BEGIN AVAILABLE RECORDS
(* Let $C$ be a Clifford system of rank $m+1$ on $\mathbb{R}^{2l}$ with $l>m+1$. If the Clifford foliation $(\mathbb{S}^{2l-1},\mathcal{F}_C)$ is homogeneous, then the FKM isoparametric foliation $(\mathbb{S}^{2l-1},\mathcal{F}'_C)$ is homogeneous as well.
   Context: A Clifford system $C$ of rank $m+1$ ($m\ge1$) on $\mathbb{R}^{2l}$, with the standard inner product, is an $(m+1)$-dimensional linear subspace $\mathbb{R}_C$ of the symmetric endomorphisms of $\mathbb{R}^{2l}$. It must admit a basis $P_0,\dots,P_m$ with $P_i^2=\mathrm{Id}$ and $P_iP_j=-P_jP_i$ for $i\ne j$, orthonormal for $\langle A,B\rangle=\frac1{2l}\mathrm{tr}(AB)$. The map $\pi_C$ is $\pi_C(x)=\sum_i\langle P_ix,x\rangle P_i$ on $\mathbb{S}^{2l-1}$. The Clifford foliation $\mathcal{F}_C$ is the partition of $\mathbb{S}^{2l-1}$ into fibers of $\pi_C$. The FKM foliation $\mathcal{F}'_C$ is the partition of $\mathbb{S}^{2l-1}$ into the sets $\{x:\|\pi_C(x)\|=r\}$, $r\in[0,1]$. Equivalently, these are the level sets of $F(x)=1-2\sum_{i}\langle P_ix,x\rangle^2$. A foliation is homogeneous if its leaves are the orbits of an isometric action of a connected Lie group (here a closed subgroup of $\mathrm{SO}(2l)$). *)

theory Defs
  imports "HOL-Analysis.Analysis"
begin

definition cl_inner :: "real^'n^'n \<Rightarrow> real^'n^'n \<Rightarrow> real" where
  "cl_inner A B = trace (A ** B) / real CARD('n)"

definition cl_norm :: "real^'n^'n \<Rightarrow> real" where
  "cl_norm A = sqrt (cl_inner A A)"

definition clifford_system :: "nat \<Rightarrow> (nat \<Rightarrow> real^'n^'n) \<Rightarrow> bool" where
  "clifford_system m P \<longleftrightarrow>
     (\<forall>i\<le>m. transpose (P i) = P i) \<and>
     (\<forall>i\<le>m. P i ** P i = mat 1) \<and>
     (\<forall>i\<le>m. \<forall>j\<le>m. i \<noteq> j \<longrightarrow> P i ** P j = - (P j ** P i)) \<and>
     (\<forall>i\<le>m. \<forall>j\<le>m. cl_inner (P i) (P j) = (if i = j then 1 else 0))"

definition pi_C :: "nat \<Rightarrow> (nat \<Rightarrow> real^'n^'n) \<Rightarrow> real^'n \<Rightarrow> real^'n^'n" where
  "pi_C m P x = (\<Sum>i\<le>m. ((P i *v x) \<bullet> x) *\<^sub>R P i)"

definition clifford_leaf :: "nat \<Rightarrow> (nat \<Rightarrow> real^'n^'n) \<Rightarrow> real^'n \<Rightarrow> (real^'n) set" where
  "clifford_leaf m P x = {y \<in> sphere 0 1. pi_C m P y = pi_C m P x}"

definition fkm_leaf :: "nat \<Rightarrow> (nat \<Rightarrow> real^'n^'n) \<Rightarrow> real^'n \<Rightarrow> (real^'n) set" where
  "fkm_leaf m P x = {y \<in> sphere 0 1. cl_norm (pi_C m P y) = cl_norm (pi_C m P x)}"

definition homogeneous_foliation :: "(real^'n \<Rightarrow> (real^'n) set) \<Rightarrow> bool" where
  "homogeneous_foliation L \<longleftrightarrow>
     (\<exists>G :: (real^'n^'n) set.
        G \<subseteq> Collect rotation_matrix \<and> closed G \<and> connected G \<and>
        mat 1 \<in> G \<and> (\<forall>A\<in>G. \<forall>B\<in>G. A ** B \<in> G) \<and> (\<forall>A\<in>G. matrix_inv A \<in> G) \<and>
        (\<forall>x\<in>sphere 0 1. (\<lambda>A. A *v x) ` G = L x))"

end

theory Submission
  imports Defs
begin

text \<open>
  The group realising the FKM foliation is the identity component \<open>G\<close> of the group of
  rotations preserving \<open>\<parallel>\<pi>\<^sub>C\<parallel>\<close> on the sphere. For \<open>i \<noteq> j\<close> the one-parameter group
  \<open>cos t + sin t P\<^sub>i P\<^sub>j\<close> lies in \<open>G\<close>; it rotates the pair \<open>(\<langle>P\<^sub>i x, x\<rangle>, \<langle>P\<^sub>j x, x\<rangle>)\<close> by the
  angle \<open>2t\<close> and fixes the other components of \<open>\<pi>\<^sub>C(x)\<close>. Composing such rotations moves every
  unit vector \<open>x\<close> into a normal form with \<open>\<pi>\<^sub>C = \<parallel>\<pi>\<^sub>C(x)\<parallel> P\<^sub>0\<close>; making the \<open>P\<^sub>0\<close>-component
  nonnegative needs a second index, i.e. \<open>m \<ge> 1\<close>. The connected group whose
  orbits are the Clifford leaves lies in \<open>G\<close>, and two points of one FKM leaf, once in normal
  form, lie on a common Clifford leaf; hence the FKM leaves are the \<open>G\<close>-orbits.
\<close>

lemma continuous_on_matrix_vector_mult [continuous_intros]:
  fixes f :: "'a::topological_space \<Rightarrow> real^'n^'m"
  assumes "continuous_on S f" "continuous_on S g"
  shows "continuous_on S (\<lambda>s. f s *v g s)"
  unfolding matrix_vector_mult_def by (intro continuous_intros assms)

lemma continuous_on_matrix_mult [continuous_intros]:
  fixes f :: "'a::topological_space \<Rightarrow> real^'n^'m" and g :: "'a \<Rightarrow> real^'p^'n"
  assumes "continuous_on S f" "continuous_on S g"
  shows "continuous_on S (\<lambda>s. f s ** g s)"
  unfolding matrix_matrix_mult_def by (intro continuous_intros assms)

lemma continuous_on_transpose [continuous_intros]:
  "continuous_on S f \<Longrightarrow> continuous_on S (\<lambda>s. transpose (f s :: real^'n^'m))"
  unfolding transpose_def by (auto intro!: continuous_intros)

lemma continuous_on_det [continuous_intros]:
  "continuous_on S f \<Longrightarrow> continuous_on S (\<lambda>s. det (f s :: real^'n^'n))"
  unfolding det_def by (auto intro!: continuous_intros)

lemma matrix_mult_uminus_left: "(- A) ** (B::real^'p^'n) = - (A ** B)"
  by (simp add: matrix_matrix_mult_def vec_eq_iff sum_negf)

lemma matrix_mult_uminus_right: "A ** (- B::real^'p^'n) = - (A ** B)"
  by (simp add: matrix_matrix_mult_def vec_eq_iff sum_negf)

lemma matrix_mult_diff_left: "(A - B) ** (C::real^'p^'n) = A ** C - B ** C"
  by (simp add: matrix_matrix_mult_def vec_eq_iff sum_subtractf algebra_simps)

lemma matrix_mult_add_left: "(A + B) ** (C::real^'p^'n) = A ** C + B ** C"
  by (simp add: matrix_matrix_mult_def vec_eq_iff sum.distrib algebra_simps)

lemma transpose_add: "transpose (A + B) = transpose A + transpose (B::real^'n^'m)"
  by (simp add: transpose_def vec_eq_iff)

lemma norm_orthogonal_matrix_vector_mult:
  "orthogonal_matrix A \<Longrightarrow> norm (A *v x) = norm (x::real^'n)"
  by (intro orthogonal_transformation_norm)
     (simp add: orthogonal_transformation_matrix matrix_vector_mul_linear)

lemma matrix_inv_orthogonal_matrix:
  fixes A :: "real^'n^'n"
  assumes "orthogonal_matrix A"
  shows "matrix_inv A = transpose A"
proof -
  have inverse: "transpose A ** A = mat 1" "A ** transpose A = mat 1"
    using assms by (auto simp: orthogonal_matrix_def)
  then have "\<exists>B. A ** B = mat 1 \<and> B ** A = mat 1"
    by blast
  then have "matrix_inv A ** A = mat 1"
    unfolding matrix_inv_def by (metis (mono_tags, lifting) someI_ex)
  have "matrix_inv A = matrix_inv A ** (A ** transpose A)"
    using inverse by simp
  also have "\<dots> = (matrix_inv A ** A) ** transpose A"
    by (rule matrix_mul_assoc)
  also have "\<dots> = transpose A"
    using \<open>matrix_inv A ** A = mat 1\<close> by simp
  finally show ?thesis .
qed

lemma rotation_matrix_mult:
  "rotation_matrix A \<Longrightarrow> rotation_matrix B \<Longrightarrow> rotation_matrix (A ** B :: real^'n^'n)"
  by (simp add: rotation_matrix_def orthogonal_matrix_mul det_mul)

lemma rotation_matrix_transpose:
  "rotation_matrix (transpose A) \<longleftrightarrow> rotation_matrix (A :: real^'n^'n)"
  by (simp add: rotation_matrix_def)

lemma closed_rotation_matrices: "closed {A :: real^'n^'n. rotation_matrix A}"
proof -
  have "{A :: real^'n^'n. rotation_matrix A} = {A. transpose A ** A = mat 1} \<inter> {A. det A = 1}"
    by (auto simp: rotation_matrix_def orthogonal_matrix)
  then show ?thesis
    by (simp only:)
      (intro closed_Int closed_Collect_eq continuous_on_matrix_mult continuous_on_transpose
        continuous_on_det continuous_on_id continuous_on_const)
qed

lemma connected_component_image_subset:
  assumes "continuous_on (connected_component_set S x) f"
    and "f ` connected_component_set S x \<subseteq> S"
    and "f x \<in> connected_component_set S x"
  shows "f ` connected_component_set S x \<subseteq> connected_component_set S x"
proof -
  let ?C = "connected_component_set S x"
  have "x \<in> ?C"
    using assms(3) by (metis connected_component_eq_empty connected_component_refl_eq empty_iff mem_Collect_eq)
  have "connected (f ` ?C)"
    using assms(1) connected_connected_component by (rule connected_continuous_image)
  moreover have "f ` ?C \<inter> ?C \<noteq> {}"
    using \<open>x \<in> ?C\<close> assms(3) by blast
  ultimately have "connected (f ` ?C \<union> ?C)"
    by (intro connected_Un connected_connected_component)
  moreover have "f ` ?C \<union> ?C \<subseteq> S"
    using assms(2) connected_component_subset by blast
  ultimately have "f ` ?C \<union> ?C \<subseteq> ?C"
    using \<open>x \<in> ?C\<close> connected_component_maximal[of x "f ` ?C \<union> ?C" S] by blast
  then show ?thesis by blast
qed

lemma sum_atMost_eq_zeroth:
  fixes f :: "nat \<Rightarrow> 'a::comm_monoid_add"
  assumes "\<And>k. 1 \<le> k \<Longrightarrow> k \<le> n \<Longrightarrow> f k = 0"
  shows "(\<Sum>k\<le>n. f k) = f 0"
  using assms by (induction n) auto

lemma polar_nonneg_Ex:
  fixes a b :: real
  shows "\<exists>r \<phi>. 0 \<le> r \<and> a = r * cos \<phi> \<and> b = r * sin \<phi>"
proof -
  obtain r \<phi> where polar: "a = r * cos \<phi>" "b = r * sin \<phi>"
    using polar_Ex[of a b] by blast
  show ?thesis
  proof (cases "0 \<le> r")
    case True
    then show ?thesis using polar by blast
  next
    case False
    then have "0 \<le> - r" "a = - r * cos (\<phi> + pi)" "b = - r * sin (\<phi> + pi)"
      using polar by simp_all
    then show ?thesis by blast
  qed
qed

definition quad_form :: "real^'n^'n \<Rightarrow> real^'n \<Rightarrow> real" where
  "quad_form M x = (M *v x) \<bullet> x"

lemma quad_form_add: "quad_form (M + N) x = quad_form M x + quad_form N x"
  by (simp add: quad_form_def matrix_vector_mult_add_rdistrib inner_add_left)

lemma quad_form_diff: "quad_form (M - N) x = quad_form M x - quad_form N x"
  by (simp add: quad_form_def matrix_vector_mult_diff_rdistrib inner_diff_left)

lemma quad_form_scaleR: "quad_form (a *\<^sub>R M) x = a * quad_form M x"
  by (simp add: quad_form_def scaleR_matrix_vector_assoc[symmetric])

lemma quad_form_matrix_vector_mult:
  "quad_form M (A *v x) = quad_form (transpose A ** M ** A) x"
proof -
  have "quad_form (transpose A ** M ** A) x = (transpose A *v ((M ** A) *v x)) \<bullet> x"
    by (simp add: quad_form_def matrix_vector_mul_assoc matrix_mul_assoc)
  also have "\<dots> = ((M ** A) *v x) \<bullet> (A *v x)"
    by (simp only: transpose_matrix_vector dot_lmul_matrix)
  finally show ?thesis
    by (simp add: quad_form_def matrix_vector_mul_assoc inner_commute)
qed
END AVAILABLE RECORDS
BEGIN AVAILABLE RECORDS
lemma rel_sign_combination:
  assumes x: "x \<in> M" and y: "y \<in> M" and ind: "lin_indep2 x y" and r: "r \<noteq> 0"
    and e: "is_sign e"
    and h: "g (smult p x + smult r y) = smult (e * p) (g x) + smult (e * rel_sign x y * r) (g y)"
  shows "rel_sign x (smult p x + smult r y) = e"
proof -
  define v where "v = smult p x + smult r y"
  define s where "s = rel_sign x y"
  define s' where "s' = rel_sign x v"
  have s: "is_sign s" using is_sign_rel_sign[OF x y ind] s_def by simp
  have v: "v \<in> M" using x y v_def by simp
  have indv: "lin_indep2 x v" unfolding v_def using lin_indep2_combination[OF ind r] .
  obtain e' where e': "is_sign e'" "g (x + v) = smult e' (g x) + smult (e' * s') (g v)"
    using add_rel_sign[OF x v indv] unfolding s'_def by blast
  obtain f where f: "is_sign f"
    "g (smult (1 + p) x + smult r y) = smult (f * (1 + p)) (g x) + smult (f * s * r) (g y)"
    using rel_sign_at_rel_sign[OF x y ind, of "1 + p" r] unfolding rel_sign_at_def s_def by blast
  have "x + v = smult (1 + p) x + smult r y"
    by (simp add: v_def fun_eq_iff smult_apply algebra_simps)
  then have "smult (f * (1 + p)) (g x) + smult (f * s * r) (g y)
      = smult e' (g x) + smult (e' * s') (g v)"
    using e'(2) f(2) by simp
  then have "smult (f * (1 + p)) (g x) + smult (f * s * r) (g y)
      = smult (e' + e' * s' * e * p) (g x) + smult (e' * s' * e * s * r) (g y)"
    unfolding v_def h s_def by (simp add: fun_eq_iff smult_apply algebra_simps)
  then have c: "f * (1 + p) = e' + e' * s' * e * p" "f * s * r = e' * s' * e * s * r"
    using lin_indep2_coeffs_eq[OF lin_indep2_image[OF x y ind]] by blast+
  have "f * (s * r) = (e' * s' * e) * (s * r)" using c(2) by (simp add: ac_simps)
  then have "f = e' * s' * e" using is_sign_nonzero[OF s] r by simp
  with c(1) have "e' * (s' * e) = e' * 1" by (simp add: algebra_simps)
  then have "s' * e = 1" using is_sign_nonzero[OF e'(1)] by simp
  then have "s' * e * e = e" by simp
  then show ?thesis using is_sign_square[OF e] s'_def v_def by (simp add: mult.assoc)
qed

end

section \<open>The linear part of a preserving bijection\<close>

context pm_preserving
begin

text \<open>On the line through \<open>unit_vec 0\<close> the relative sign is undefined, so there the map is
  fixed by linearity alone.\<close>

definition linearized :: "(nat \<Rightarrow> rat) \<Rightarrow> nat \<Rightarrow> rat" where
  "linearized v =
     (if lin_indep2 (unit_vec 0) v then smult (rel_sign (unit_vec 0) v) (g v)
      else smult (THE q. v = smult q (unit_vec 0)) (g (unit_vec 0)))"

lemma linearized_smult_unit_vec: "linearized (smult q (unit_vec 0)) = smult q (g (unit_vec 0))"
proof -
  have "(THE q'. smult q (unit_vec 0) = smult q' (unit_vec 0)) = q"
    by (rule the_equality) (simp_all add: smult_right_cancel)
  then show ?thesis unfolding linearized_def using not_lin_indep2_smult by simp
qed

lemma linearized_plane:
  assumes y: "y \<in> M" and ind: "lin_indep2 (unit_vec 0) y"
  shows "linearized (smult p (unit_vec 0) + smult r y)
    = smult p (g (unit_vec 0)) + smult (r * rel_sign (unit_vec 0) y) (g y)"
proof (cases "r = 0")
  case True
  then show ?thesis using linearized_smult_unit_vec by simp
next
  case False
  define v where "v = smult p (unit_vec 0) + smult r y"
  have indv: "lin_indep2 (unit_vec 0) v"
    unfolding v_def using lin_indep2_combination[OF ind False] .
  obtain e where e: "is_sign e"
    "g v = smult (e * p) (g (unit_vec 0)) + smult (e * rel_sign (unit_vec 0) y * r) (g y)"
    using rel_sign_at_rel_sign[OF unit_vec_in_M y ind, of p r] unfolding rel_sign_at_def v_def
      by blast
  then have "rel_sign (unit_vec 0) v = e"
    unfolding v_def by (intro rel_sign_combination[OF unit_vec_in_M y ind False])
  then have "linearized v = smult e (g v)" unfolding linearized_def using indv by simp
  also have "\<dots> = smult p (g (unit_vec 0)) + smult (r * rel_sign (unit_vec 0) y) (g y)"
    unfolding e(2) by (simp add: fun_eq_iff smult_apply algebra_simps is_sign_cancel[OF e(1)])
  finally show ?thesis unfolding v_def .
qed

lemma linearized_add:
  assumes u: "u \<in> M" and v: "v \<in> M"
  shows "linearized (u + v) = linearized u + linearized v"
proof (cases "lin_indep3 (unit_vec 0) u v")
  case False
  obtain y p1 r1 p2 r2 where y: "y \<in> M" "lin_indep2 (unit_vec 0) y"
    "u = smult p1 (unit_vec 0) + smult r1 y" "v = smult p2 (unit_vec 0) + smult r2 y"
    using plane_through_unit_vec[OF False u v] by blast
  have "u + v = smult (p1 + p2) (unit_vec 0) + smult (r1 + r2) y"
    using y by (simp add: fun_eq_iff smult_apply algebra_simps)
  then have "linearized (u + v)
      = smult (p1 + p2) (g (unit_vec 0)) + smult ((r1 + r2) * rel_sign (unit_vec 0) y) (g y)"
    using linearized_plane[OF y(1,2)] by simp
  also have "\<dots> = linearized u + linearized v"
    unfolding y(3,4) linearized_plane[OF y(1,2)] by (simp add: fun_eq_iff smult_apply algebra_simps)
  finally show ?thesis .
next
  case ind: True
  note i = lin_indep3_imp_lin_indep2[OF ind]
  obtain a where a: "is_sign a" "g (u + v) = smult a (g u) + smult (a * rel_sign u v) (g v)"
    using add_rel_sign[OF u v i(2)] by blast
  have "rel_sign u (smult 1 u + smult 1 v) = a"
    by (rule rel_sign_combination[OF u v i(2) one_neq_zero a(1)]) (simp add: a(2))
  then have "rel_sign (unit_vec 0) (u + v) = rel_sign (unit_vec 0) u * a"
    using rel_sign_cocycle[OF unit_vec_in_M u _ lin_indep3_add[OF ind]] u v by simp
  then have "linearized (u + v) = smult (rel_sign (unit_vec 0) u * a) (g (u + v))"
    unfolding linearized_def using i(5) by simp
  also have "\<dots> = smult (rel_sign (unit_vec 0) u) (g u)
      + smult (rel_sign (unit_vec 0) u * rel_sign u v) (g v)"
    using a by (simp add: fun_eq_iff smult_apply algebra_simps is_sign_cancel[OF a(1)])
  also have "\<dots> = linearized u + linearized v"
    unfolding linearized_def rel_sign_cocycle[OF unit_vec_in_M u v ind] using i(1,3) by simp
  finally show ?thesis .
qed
END AVAILABLE RECORDS
_THE TASK_. Reproduce verbatim the lines above, from the line with "(- B::real^'p^'n) = - (A" through the line with "transpose A = mat".

_EXERCISE SOLUTION_.
lemma matrix_mult_uminus_right: "A ** (- B::real^'p^'n) = - (A ** B)"
  by (simp add: matrix_matrix_mult_def vec_eq_iff sum_negf)

lemma matrix_mult_diff_left: "(A - B) ** (C::real^'p^'n) = A ** C - B ** C"
  by (simp add: matrix_matrix_mult_def vec_eq_iff sum_subtractf algebra_simps)

lemma matrix_mult_add_left: "(A + B) ** (C::real^'p^'n) = A ** C + B ** C"
  by (simp add: matrix_matrix_mult_def vec_eq_iff sum.distrib algebra_simps)

lemma transpose_add: "transpose (A + B) = transpose A + transpose (B::real^'n^'m)"
  by (simp add: transpose_def vec_eq_iff)

lemma norm_orthogonal_matrix_vector_mult:
  "orthogonal_matrix A \<Longrightarrow> norm (A *v x) = norm (x::real^'n)"
  by (intro orthogonal_transformation_norm)
     (simp add: orthogonal_transformation_matrix matrix_vector_mul_linear)

lemma matrix_inv_orthogonal_matrix:
  fixes A :: "real^'n^'n"
  assumes "orthogonal_matrix A"
  shows "matrix_inv A = transpose A"
proof -
  have inverse: "transpose A ** A = mat 1" "A ** transpose A = mat 1"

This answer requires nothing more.